## TASK DESCRIPTION
Give every entry again, word for word and in full.

## RECORDED DATA
········

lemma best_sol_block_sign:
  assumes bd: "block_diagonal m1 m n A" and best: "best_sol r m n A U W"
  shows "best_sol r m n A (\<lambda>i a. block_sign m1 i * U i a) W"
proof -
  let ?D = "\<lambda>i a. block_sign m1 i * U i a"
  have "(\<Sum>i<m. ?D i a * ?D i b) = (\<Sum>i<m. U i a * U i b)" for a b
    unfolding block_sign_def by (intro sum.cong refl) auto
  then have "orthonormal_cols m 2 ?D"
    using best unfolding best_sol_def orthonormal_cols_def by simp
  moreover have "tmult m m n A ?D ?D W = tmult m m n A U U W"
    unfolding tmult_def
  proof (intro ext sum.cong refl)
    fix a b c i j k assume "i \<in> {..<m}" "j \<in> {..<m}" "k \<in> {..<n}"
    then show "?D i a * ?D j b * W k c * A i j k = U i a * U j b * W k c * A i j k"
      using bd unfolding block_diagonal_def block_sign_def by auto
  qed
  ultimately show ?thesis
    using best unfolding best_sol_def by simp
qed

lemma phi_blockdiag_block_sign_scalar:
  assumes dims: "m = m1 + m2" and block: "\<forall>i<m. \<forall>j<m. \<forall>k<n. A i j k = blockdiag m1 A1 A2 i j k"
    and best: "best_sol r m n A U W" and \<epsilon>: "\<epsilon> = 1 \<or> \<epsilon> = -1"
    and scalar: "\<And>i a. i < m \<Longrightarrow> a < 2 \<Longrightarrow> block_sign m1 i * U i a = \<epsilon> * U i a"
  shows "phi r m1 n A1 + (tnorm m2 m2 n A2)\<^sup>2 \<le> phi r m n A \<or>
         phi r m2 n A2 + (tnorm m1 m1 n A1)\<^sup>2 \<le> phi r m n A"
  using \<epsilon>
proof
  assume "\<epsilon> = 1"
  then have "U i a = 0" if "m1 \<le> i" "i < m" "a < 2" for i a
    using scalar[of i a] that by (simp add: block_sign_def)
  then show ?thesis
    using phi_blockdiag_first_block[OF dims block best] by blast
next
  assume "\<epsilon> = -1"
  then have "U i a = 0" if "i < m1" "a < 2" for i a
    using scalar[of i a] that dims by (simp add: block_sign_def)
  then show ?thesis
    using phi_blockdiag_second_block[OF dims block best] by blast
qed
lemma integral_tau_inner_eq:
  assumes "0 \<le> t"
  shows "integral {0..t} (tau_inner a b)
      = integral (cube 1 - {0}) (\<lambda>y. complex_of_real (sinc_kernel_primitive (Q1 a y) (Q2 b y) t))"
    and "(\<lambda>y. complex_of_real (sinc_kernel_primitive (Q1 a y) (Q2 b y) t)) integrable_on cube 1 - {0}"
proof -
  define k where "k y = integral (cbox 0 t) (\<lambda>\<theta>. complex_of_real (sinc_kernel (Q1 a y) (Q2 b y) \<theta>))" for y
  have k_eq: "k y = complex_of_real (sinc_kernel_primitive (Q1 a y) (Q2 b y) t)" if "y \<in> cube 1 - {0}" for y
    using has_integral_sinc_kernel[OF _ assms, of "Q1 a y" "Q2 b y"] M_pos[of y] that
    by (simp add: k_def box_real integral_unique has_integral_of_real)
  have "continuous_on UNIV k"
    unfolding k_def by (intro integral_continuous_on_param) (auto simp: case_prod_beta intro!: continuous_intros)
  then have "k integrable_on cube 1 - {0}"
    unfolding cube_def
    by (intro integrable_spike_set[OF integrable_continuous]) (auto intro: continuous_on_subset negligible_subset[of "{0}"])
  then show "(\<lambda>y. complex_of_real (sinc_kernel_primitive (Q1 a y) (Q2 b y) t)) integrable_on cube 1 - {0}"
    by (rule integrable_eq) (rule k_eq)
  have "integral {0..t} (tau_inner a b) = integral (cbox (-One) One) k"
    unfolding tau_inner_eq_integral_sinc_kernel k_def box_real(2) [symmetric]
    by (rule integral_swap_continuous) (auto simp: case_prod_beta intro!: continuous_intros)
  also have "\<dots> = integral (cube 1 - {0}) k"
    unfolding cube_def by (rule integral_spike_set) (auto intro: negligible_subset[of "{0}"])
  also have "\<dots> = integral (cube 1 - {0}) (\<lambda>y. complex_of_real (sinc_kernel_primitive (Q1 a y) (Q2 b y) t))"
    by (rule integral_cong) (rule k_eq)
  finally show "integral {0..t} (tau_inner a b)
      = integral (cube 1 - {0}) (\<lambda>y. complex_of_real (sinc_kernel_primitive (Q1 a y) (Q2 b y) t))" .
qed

········

## WRITTEN SOLUTION
lemma best_sol_block_sign:
  assumes bd: "block_diagonal m1 m n A" and best: "best_sol r m n A U W"
  shows "best_sol r m n A (\<lambda>i a. block_sign m1 i * U i a) W"
proof -
  let ?D = "\<lambda>i a. block_sign m1 i * U i a"
  have "(\<Sum>i<m. ?D i a * ?D i b) = (\<Sum>i<m. U i a * U i b)" for a b
    unfolding block_sign_def by (intro sum.cong refl) auto
  then have "orthonormal_cols m 2 ?D"
    using best unfolding best_sol_def orthonormal_cols_def by simp
  moreover have "tmult m m n A ?D ?D W = tmult m m n A U U W"
    unfolding tmult_def
  proof (intro ext sum.cong refl)
    fix a b c i j k assume "i \<in> {..<m}" "j \<in> {..<m}" "k \<in> {..<n}"
    then show "?D i a * ?D j b * W k c * A i j k = U i a * U j b * W k c * A i j k"
      using bd unfolding block_diagonal_def block_sign_def by auto
  qed
  ultimately show ?thesis
    using best unfolding best_sol_def by simp
qed

lemma phi_blockdiag_block_sign_scalar:
  assumes dims: "m = m1 + m2" and block: "\<forall>i<m. \<forall>j<m. \<forall>k<n. A i j k = blockdiag m1 A1 A2 i j k"
    and best: "best_sol r m n A U W" and \<epsilon>: "\<epsilon> = 1 \<or> \<epsilon> = -1"
    and scalar: "\<And>i a. i < m \<Longrightarrow> a < 2 \<Longrightarrow> block_sign m1 i * U i a = \<epsilon> * U i a"
  shows "phi r m1 n A1 + (tnorm m2 m2 n A2)\<^sup>2 \<le> phi r m n A \<or>
         phi r m2 n A2 + (tnorm m1 m1 n A1)\<^sup>2 \<le> phi r m n A"
  using \<epsilon>
proof
  assume "\<epsilon> = 1"
  then have "U i a = 0" if "m1 \<le> i" "i < m" "a < 2" for i a
    using scalar[of i a] that by (simp add: block_sign_def)
  then show ?thesis
    using phi_blockdiag_first_block[OF dims block best] by blast
next
  assume "\<epsilon> = -1"
  then have "U i a = 0" if "i < m1" "a < 2" for i a
    using scalar[of i a] that dims by (simp add: block_sign_def)
  then show ?thesis
    using phi_blockdiag_second_block[OF dims block best] by blast
qed
lemma integral_tau_inner_eq:
  assumes "0 \<le> t"
  shows "integral {0..t} (tau_inner a b)
      = integral (cube 1 - {0}) (\<lambda>y. complex_of_real (sinc_kernel_primitive (Q1 a y) (Q2 b y) t))"
    and "(\<lambda>y. complex_of_real (sinc_kernel_primitive (Q1 a y) (Q2 b y) t)) integrable_on cube 1 - {0}"
proof -
  define k where "k y = integral (cbox 0 t) (\<lambda>\<theta>. complex_of_real (sinc_kernel (Q1 a y) (Q2 b y) \<theta>))" for y
  have k_eq: "k y = complex_of_real (sinc_kernel_primitive (Q1 a y) (Q2 b y) t)" if "y \<in> cube 1 - {0}" for y
    using has_integral_sinc_kernel[OF _ assms, of "Q1 a y" "Q2 b y"] M_pos[of y] that
    by (simp add: k_def box_real integral_unique has_integral_of_real)
  have "continuous_on UNIV k"
    unfolding k_def by (intro integral_continuous_on_param) (auto simp: case_prod_beta intro!: continuous_intros)
  then have "k integrable_on cube 1 - {0}"
    unfolding cube_def
    by (intro integrable_spike_set[OF integrable_continuous]) (auto intro: continuous_on_subset negligible_subset[of "{0}"])
  then show "(\<lambda>y. complex_of_real (sinc_kernel_primitive (Q1 a y) (Q2 b y) t)) integrable_on cube 1 - {0}"
    by (rule integrable_eq) (rule k_eq)
  have "integral {0..t} (tau_inner a b) = integral (cbox (-One) One) k"
    unfolding tau_inner_eq_integral_sinc_kernel k_def box_real(2) [symmetric]
    by (rule integral_swap_continuous) (auto simp: case_prod_beta intro!: continuous_intros)
  also have "\<dots> = integral (cube 1 - {0}) k"
    unfolding cube_def by (rule integral_spike_set) (auto intro: negligible_subset[of "{0}"])
  also have "\<dots> = integral (cube 1 - {0}) (\<lambda>y. complex_of_real (sinc_kernel_primitive (Q1 a y) (Q2 b y) t))"
    by (rule integral_cong) (rule k_eq)
  finally show "integral {0..t} (tau_inner a b)
      = integral (cube 1 - {0}) (\<lambda>y. complex_of_real (sinc_kernel_primitive (Q1 a y) (Q2 b y) t))" .
qed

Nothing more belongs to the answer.